Information Security Risk Analyst

Job Description

KPMG Australia is part of a global network providing extensive services across a wide range of industries and sectors. Our people collaborate, share their expertise, and create innovation as we partner with clients to solve complex challenges, empower change, drive disruption and growth. We look for talented people with the potential to make an extraordinary difference for our clients, our firm, and our communities.

KPMG’s Technology & Information Risk Management is your opportunity to be part of a team on the rise! Rapidly growing with many competent individuals with various technical backgrounds, the Security Risk team supports business stakeholders in bringing their ideas to life while helping them to shape the future of the firm, by exploring and embedding new forms of growth.

Your Opportunity

The role of the Information Security Risk Analyst at KPMG contributes to the improvement of the company's information security posture and provides support to various departments within the organisation in several ways:

• Identifying and Managing Risks: The analyst helps in identifying and managing cyber security and other technology and information risks. This involves performing threat assessments to identify potential risks to the business and determining the preventative controls in place.
• Enhancing Business Resilience: The analyst contributes to enhancing the organisation's business resilience by reviewing and recommending effective controls over technology assets. This helps in building the organisation's resilience and strengthening core controls to meet the challenges of technology and information risks.

In summary, the role of the Information Security Risk Analyst is crucial in maintaining KPMG's information protection agenda as the business and technology programmes evolve, providing greater visibility and understanding of changing risks.

Key Duties & Responsibilities: 

• Evaluate a range of systems, applications, and software throughout KPMG Australia to determine cyber security status and develop plans for improvement.
• Analyse architectural documentation of systems, solutions, and applications with a focus on cyber security.
• Provide insightful cyber security reporting to local IT leaders as well as regional and global executives, occasionally taking the lead role in this area.
• Offer expert risk assessment and advice during the acquisition process and when integrating third-party solutions, technologies, and services.
• Propose security measures that effectively balance risk mitigation while remaining aligned with the scale of potential threats.
• Champion projects aimed at strengthening the firm’s security framework, seeking innovative methods to evaluate state-of-the-art technologies, including artificial intelligence, blockchain, quantum computing, among others.

How are you extraordinary?

• You actively seek out opportunities for growth, are comfortable challenging the status quo, and enjoy getting out of your comfort zone.
• You are passionate about the importance of fantastic communication to share ideas, inspire, and create change. You can digest, distil, and communicate complex concepts in both written and verbal forms.

Your Experience

• Familiarity and Knowledge of security standards and frameworks including, but not limited to, ISO27001, NIST 800-53, alongside a sound understanding of Cloud Services, Risk Management, and associated Security & Privacy Controls.
• In-depth knowledge of Cloud technologies and infrastructure, particularly with AWS and/or Azure ecosystems.
• A solid grasp of diverse application architectures and their security implications.
• Accredited certifications such as CISM, CRISC, CISSP, SABSA, or other relevant qualifications, especially those related to AWS or Azure cloud technologies, will be considered highly beneficial.

Qualifications

Minimum of a bachelor’s degree in an information technology or business-related discipline.

Additional Information

KPMG is a professional services firm with global outreach and deep sector experience. We work with clients across an array of industries to solve complex challenges, steer change and enable growth. 

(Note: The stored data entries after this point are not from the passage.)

(* Let $\mathbf{P}$ be a poset and let $\mathcal{A},\mathcal{B},\mathcal{C}$ be $\mathbf{P}$-indexed barcodes. Let $M:\mathcal{A}\nrightarrow\mathcal{B}$ and $N:\mathcal{B}\nrightarrow\mathcal{C}$ be overlap matchings, and let $(\alpha,\gamma)\in N\circ M$, where \[N\circ M=\{(\alpha,\gamma)\in \mathrm{Rep}(\mathcal{A})\times\mathrm{Rep}(\mathcal{C}) : \exists\,\beta\ \text{with}\ (\alpha,\beta)\in M,\ (\beta,\gamma)\in N,\ \text{and}\ \mathcal{A}(\alpha)\cap\mathcal{C}(\gamma)\neq\emptyset\}.\] Then there exists $\beta\in\mathrm{Rep}(\mathcal{B})$ with $(\alpha,\beta)\in M$ and $(\beta,\gamma)\in N$ such that \[\mathcal{A}(\alpha)\cap\mathcal{C}(\gamma)\subseteq\mathcal{B}(\beta).\]
   Context: A subset $S$ of a poset $\mathbf{P}$ is convex if $b,c\in S$ and $b\le t\le c$ imply $t\in S$. An interval in $\mathbf{P}$ is a nonempty convex subset that is connected as a full subcategory (i.e. any two elements are joined by a finite zigzag of comparable elements within it). Let $\mathcal{I}_{\mathbf{P}}$ be the set of intervals. A $\mathbf{P}$-indexed barcode is a function $\mathcal{B}:\mathrm{Rep}(\mathcal{B})\to\mathcal{I}_{\mathbf{P}}$ from a set $\mathrm{Rep}(\mathcal{B})$ of "bars". A matching $M:A\nrightarrow B$ between sets is a relation $M\subseteq A\times B$ such that each $a$ is related to at most one $b$ and each $b$ to at most one $a$. A barcode matching $M:\mathcal{A}\nrightarrow\mathcal{B}$ is a matching $M\subseteq\mathrm{Rep}(\mathcal{A})\times\mathrm{Rep}(\mathcal{B})$ with $\mathcal{A}(\alpha)\cap\mathcal{B}(\beta)\neq\emptyset$ for all $(\alpha,\beta)\in M$. For intervals $I,J$: $J$ bounds $I$ below if there is $a\in J$ with $a\le t$ for all $t\in I$; $I$ bounds $J$ above if there is $d\in I$ with $t\le d$ for all $t\in J$. $I$ overlaps $J$ above if $I\cap J\neq\emptyset$, $J$ bounds $I$ below, and $I$ bounds $J$ above. A barcode matching $M$ is an overlap matching if $\mathcal{A}(\alpha)$ overlaps $\mathcal{B}(\beta)$ above for all $(\alpha,\beta)\in M$. *)

theory Defs
  imports Main
begin

text \<open>The poset P is the universe of a type of class order.\<close>

definition convex_set :: "'p::order set \<Rightarrow> bool" where
  "convex_set S \<longleftrightarrow> (\<forall>b c t. b \<in> S \<and> c \<in> S \<and> b \<le> t \<and> t \<le> c \<longrightarrow> t \<in> S)"

definition zigzag_connected :: "'p::order set \<Rightarrow> bool" where
  "zigzag_connected S \<longleftrightarrow>
     (\<forall>x\<in>S. \<forall>y\<in>S. (\<lambda>u v. u \<in> S \<and> v \<in> S \<and> (u \<le> v \<or> v \<le> u))\<^sup>*\<^sup>* x y)"

definition is_interval :: "'p::order set \<Rightarrow> bool" where
  "is_interval I \<longleftrightarrow> I \<noteq> {} \<and> convex_set I \<and> zigzag_connected I"

definition is_barcode :: "'a set \<Rightarrow> ('a \<Rightarrow> 'p::order set) \<Rightarrow> bool" where
  "is_barcode R B \<longleftrightarrow> (\<forall>r\<in>R. is_interval (B r))"

definition is_matching :: "'a set \<Rightarrow> 'b set \<Rightarrow> ('a \<times> 'b) set \<Rightarrow> bool" where
  "is_matching X Y M \<longleftrightarrow> M \<subseteq> X \<times> Y \<and>
     (\<forall>a b b'. (a, b) \<in> M \<and> (a, b') \<in> M \<longrightarrow> b = b') \<and>
     (\<forall>a a' b. (a, b) \<in> M \<and> (a', b) \<in> M \<longrightarrow> a = a')"

definition barcode_matching ::
  "'a set \<Rightarrow> ('a \<Rightarrow> 'p::order set) \<Rightarrow> 'b set \<Rightarrow> ('b \<Rightarrow> 'p set) \<Rightarrow> ('a \<times> 'b) set \<Rightarrow> bool" where
  "barcode_matching RA A RB B M \<longleftrightarrow> is_matching RA RB M \<and>
     (\<forall>(a, b) \<in> M. A a \<inter> B b \<noteq> {})"

definition bounds_below :: "'p::order set \<Rightarrow> 'p set \<Rightarrow> bool" where
  "bounds_below J I \<longleftrightarrow> (\<exists>a\<in>J. \<forall>t\<in>I. a \<le> t)"

definition bounds_above :: "'p::order set \<Rightarrow> 'p set \<Rightarrow> bool" where
  "bounds_above I J \<longleftrightarrow> (\<exists>d\<in>I. \<forall>t\<in>J. t \<le> d)"

definition overlaps_above :: "'p::order set \<Rightarrow> 'p set \<Rightarrow> bool" where
  "overlaps_above I J \<longleftrightarrow> I \<inter> J \<noteq> {} \<and> bounds_below J I \<and> bounds_above I J"

definition overlap_matching ::
  "'a set \<Rightarrow> ('a \<Rightarrow> 'p::order set) \<Rightarrow> 'b set \<Rightarrow> ('b \<Rightarrow> 'p set) \<Rightarrow> ('a \<times> 'b) set \<Rightarrow> bool" where
  "overlap_matching RA A RB B M \<longleftrightarrow> barcode_matching RA A RB B M \<and>
     (\<forall>(a, b) \<in> M. overlaps_above (A a) (B b))"

definition matching_comp ::
  "'a set \<Rightarrow> ('a \<Rightarrow> 'p set) \<Rightarrow> 'c set \<Rightarrow> ('c \<Rightarrow> 'p set) \<Rightarrow>
   ('b \<times> 'c) set \<Rightarrow> ('a \<times> 'b) set \<Rightarrow> ('a \<times> 'c) set" where
  "matching_comp RA A RC C N M = {(a, c). a \<in> RA \<and> c \<in> RC \<and>
     (\<exists>b. (a, b) \<in> M \<and> (b, c) \<in> N \<and> A a \<inter> C c \<noteq> {})}"

end

theory Submission
  imports Defs
begin

text \<open>If \<open>(\<alpha>, \<beta>) \<in> M\<close> and \<open>(\<beta>, \<gamma>) \<in> N\<close>, then \<open>B \<beta>\<close> contains a lower bound of \<open>A \<alpha>\<close>
  and an upper bound of \<open>C \<gamma>\<close>. Every point of \<open>A \<alpha> \<inter> C \<gamma>\<close> lies between these two,
  so it lies in \<open>B \<beta>\<close> by convexity.\<close>

lemma convex_set_contains_inter:
  assumes "convex_set J" and "bounds_below J I" and "bounds_above J K"
  shows "I \<inter> K \<subseteq> J"
proof
  fix t assume t: "t \<in> I \<inter> K"
  obtain lo where "lo \<in> J" "\<forall>s\<in>I. lo \<le> s"
    using assms(2) unfolding bounds_below_def by blast
  moreover obtain hi where "hi \<in> J" "\<forall>s\<in>K. s \<le> hi"
    using assms(3) unfolding bounds_above_def by blast
  ultimately show "t \<in> J"
    using assms(1) t unfolding convex_set_def by blast
qed

lemma overlap_matchingD:
  assumes "overlap_matching RA A RB B M" and "(a, b) \<in> M"
  shows "b \<in> RB" "overlaps_above (A a) (B b)"
  using assms
  unfolding overlap_matching_def barcode_matching_def is_matching_def by blast+

lemma matching_compE:
  assumes "(a, c) \<in> matching_comp RA A RC C N M"
  obtains b where "(a, b) \<in> M" and "(b, c) \<in> N"
  using assms unfolding matching_comp_def by blast

lemma is_barcode_convex_set:
  assumes "is_barcode R B" and "r \<in> R"
  shows "convex_set (B r)"
  using assms unfolding is_barcode_def is_interval_def by blast

theorem lemma2p3:
  fixes RA :: "'a set" and A :: "'a \<Rightarrow> 'p::order set"
    and RB :: "'b set" and B :: "'b \<Rightarrow> 'p set"
    and RC :: "'c set" and C :: "'c \<Rightarrow> 'p set"
    and M :: "('a \<times> 'b) set" and N :: "('b \<times> 'c) set"
  assumes "is_barcode RA A" and "is_barcode RB B" and "is_barcode RC C"
    and "overlap_matching RA A RB B M" and "overlap_matching RB B RC C N"
    and "(\<alpha>, \<gamma>) \<in> matching_comp RA A RC C N M"
  shows "\<exists>\<beta>\<in>RB. (\<alpha>, \<beta>) \<in> M \<and> (\<beta>, \<gamma>) \<in> N \<and> A \<alpha> \<inter> C \<gamma> \<subseteq> B \<beta>"
proof -
  obtain \<beta> where M_\<alpha>\<beta>: "(\<alpha>, \<beta>) \<in> M" and N_\<beta>\<gamma>: "(\<beta>, \<gamma>) \<in> N"
    using assms(6) by (rule matching_compE)
  have \<beta>: "\<beta> \<in> RB"
    using overlap_matchingD(1)[OF assms(4) M_\<alpha>\<beta>] .
  have "bounds_below (B \<beta>) (A \<alpha>)"
    using overlap_matchingD(2)[OF assms(4) M_\<alpha>\<beta>] unfolding overlaps_above_def by blast
  moreover have "bounds_above (B \<beta>) (C \<gamma>)"
    using overlap_matchingD(2)[OF assms(5) N_\<beta>\<gamma>] unfolding overlaps_above_def by blast
  ultimately have "A \<alpha> \<inter> C \<gamma> \<subseteq> B \<beta>"
    using convex_set_contains_inter is_barcode_convex_set[OF assms(2) \<beta>] by blast
  with \<beta> M_\<alpha>\<beta> N_\<beta>\<gamma> show ?thesis by blast
qed

end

Our people are what make KPMG the thriving workplace that it is and what sets us apart is that we know great minds think differently. Collaborate with a team of passionate, highly skilled professionals who’ve got your back. You’ll build relationships with unique and diverse colleagues who will provide you with the support you need to be your best and produce meaningful and impactful work in an inclusive, equitable culture.

At KPMG, you’ll take control over how you work. We’re embracing a new way of working in many ways, from offering flexible hours and locations to generous paid parental leave and career breaks. Our people enjoy a variety of exciting perks, including retail discounts, health and wellbeing initiatives, learning and growth opportunities, salary packaging options and more.

Diverse candidates have diverse needs. During your recruitment journey, information will be provided about adjustment requests. If you require additional support before submitting your application, please contact the Talent Attraction Support Team.

At KPMG every career is different, and we look forward to seeing how you grow with us.